Data supplied.
•••••

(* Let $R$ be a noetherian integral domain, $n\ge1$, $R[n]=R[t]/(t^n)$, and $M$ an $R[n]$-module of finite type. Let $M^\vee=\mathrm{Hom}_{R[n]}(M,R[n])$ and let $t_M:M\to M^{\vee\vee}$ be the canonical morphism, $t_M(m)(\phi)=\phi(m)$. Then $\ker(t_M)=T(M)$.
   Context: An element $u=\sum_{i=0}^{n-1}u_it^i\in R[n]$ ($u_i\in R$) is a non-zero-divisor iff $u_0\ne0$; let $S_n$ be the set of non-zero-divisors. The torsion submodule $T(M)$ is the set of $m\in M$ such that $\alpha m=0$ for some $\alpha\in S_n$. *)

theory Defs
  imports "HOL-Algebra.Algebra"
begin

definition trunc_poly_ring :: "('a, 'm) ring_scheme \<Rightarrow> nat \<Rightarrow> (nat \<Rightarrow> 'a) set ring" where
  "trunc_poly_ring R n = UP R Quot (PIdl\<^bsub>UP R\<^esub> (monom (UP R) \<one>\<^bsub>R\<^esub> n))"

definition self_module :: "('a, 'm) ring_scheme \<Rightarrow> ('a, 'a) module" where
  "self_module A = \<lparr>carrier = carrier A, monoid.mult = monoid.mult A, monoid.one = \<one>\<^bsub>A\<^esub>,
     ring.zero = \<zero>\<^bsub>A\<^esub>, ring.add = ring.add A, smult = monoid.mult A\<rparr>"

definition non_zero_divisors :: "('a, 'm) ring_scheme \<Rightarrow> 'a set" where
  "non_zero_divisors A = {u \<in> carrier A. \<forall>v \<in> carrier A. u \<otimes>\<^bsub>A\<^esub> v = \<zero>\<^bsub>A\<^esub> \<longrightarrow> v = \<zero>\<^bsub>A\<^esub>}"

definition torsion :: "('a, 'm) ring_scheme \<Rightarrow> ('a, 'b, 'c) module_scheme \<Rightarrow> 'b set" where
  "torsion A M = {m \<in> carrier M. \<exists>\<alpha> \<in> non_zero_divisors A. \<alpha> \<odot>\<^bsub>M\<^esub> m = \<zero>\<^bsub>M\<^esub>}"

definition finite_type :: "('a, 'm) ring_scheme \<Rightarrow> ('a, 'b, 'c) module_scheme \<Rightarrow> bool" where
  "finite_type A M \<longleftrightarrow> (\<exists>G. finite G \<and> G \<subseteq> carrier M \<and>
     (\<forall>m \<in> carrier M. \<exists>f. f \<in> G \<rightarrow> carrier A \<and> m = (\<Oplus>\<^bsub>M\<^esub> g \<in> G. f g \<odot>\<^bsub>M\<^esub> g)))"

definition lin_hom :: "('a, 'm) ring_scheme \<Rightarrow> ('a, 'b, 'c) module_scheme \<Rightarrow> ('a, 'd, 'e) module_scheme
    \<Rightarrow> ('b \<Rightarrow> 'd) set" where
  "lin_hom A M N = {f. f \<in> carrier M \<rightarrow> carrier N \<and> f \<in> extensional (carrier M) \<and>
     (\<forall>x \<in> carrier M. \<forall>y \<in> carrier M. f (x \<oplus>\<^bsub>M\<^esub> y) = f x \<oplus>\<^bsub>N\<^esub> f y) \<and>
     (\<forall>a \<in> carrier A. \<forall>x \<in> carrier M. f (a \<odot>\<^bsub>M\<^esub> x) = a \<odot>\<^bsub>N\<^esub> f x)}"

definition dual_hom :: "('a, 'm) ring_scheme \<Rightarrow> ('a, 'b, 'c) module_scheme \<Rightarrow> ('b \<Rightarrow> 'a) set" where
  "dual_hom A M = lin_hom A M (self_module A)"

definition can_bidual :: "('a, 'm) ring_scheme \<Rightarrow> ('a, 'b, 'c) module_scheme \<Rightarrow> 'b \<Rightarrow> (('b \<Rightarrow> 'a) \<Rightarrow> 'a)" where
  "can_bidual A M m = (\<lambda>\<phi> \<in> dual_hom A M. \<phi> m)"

•••••

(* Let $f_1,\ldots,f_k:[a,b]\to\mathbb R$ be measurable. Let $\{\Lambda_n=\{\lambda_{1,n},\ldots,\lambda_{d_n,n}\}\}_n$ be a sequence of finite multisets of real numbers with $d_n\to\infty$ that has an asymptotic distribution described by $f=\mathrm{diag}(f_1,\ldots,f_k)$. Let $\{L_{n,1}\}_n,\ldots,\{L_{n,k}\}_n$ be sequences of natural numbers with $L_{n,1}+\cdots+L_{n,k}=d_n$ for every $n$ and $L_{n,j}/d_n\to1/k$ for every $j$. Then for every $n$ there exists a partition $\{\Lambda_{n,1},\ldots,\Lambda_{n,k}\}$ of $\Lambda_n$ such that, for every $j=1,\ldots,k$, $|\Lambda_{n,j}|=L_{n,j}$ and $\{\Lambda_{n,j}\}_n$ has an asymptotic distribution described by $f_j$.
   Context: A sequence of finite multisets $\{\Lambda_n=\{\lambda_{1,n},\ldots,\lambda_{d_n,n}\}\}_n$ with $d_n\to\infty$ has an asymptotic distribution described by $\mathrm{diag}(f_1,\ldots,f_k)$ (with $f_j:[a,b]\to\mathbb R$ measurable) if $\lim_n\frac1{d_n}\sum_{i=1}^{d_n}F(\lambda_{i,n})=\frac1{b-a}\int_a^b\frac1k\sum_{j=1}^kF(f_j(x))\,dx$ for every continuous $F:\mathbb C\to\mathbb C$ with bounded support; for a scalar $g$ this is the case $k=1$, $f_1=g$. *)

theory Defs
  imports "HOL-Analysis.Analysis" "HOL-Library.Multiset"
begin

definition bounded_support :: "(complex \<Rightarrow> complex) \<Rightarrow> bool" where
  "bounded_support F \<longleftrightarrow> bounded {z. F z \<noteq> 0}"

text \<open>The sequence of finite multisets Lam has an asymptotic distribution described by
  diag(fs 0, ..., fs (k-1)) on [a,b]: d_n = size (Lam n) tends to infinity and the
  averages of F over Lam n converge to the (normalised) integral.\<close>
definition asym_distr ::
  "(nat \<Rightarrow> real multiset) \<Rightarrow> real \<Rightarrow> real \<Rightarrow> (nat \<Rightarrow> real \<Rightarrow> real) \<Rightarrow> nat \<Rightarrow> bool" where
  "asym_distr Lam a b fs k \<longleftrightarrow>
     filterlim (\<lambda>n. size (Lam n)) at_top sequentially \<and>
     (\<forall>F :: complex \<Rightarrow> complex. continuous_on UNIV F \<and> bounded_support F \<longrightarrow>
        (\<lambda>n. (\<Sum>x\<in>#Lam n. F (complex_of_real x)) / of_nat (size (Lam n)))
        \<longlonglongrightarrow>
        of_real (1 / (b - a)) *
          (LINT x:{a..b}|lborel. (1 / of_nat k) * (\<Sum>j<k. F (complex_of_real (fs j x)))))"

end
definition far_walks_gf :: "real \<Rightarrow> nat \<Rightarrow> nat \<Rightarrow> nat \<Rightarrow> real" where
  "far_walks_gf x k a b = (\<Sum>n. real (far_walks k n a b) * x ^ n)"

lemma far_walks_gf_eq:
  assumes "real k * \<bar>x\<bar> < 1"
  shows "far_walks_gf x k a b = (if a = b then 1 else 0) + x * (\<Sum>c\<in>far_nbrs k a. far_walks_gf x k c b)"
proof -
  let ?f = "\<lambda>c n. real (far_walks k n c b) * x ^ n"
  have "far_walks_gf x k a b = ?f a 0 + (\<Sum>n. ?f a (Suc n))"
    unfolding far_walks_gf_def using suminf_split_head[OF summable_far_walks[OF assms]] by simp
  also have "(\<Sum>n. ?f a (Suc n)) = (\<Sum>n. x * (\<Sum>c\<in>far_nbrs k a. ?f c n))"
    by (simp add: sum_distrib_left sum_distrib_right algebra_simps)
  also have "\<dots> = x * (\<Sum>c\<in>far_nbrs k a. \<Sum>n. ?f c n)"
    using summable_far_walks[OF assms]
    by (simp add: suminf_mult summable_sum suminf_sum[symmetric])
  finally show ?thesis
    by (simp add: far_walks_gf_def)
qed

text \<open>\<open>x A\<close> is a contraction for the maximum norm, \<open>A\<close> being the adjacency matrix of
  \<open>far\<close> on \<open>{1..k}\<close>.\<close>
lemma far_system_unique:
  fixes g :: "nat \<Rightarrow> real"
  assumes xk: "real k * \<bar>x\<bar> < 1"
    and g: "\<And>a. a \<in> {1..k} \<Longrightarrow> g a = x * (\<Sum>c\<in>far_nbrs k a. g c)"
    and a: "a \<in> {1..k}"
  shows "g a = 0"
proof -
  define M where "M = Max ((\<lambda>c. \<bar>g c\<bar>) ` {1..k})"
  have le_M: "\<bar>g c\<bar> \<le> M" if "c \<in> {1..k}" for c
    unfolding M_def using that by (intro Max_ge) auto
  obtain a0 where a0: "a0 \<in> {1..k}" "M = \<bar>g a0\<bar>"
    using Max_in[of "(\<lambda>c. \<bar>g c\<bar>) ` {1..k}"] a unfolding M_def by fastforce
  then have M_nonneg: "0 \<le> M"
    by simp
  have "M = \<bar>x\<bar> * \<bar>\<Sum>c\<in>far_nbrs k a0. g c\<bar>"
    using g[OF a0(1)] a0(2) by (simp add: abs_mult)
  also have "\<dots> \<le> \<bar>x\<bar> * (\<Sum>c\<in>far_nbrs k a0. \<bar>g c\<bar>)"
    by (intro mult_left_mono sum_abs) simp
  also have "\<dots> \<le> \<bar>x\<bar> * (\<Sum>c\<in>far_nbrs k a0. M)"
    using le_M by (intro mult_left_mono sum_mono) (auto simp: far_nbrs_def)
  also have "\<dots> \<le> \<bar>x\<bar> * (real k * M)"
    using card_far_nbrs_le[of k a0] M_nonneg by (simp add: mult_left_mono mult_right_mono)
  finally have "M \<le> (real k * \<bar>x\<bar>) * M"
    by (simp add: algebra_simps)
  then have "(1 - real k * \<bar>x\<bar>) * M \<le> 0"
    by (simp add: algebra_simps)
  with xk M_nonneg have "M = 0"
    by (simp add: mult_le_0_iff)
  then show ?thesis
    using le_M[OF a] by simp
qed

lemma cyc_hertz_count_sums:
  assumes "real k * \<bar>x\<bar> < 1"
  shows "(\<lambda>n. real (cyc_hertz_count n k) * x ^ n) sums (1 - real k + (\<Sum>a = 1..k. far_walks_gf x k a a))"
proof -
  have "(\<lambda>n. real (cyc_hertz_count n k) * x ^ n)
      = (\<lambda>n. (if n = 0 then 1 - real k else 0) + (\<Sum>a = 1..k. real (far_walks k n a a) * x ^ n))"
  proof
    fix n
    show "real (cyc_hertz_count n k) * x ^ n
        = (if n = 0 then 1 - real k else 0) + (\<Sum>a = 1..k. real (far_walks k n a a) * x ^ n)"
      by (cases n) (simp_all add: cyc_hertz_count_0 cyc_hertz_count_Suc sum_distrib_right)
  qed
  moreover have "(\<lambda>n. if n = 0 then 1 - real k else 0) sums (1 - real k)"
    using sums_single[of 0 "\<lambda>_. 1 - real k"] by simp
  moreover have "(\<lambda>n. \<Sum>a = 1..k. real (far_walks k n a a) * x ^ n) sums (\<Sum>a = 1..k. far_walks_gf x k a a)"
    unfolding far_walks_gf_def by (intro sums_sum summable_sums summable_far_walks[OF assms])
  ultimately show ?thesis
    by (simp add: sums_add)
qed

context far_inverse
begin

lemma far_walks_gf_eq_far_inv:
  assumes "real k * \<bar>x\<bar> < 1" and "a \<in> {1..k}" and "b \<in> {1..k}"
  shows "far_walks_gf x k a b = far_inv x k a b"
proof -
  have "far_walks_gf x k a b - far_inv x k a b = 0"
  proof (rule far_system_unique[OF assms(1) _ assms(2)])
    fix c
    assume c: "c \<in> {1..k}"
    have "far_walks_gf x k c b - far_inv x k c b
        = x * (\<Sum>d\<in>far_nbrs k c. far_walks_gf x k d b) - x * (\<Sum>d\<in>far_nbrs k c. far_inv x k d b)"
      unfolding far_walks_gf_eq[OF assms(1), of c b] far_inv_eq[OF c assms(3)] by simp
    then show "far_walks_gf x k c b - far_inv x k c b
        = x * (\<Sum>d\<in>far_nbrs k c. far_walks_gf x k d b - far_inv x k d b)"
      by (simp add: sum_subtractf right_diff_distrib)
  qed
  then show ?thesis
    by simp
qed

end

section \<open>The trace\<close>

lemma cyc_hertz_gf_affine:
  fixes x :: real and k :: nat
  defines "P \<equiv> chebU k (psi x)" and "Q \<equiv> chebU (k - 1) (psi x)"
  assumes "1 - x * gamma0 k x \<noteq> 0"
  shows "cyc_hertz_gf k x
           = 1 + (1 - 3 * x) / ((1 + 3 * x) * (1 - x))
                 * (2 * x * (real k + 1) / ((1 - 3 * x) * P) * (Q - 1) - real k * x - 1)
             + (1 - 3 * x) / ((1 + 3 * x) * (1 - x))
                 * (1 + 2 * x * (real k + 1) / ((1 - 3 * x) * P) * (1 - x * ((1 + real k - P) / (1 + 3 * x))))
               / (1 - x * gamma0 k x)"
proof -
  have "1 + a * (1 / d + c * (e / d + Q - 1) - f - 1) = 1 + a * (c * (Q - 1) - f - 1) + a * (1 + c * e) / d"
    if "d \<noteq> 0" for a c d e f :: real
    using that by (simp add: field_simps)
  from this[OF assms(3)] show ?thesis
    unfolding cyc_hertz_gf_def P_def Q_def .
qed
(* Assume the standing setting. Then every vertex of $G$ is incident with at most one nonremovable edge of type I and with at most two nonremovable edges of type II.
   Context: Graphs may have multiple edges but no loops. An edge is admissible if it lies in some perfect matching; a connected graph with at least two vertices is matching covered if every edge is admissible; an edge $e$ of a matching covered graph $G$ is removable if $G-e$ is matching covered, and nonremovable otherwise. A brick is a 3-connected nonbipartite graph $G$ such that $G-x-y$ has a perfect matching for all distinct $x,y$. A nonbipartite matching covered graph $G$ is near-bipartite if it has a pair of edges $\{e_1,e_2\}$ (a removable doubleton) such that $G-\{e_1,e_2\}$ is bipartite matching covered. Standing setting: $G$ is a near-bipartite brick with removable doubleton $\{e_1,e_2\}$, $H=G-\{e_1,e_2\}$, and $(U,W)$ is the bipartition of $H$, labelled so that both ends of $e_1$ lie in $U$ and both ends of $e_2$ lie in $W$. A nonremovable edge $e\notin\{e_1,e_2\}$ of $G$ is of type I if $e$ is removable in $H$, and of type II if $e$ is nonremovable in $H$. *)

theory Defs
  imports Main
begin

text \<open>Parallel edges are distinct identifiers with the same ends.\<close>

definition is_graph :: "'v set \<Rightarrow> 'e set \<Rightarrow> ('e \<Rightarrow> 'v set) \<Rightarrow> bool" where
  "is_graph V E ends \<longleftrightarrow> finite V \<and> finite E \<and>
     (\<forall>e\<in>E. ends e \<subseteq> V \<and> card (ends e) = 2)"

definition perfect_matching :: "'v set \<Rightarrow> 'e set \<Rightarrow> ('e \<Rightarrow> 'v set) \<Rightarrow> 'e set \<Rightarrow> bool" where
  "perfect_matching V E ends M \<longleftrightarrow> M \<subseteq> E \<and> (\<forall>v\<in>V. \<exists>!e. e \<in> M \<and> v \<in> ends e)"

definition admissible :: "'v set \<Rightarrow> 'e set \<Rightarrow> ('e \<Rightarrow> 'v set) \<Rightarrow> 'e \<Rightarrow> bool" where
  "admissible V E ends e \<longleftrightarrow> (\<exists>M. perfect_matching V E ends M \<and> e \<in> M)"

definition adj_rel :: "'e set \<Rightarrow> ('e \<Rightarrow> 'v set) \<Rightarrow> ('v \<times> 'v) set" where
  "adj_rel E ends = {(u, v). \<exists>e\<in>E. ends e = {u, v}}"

•••••

Try it.
Look above for the line with "- real k * \<bar>x\<bar>)" and the line with "unfolding far_walks_gf_eq[OF assms(1), of". Retype those two lines and every line between them exactly, adding nothing.

Response to the exercise.
  then have "(1 - real k * \<bar>x\<bar>) * M \<le> 0"
    by (simp add: algebra_simps)
  with xk M_nonneg have "M = 0"
    by (simp add: mult_le_0_iff)
  then show ?thesis
    using le_M[OF a] by simp
qed

lemma cyc_hertz_count_sums:
  assumes "real k * \<bar>x\<bar> < 1"
  shows "(\<lambda>n. real (cyc_hertz_count n k) * x ^ n) sums (1 - real k + (\<Sum>a = 1..k. far_walks_gf x k a a))"
proof -
  have "(\<lambda>n. real (cyc_hertz_count n k) * x ^ n)
      = (\<lambda>n. (if n = 0 then 1 - real k else 0) + (\<Sum>a = 1..k. real (far_walks k n a a) * x ^ n))"
  proof
    fix n
    show "real (cyc_hertz_count n k) * x ^ n
        = (if n = 0 then 1 - real k else 0) + (\<Sum>a = 1..k. real (far_walks k n a a) * x ^ n)"
      by (cases n) (simp_all add: cyc_hertz_count_0 cyc_hertz_count_Suc sum_distrib_right)
  qed
  moreover have "(\<lambda>n. if n = 0 then 1 - real k else 0) sums (1 - real k)"
    using sums_single[of 0 "\<lambda>_. 1 - real k"] by simp
  moreover have "(\<lambda>n. \<Sum>a = 1..k. real (far_walks k n a a) * x ^ n) sums (\<Sum>a = 1..k. far_walks_gf x k a a)"
    unfolding far_walks_gf_def by (intro sums_sum summable_sums summable_far_walks[OF assms])
  ultimately show ?thesis
    by (simp add: sums_add)
qed

context far_inverse
begin

lemma far_walks_gf_eq_far_inv:
  assumes "real k * \<bar>x\<bar> < 1" and "a \<in> {1..k}" and "b \<in> {1..k}"
  shows "far_walks_gf x k a b = far_inv x k a b"
proof -
  have "far_walks_gf x k a b - far_inv x k a b = 0"
  proof (rule far_system_unique[OF assms(1) _ assms(2)])
    fix c
    assume c: "c \<in> {1..k}"
    have "far_walks_gf x k c b - far_inv x k c b
        = x * (\<Sum>d\<in>far_nbrs k c. far_walks_gf x k d b) - x * (\<Sum>d\<in>far_nbrs k c. far_inv x k d b)"
      unfolding far_walks_gf_eq[OF assms(1), of c b] far_inv_eq[OF c assms(3)] by simp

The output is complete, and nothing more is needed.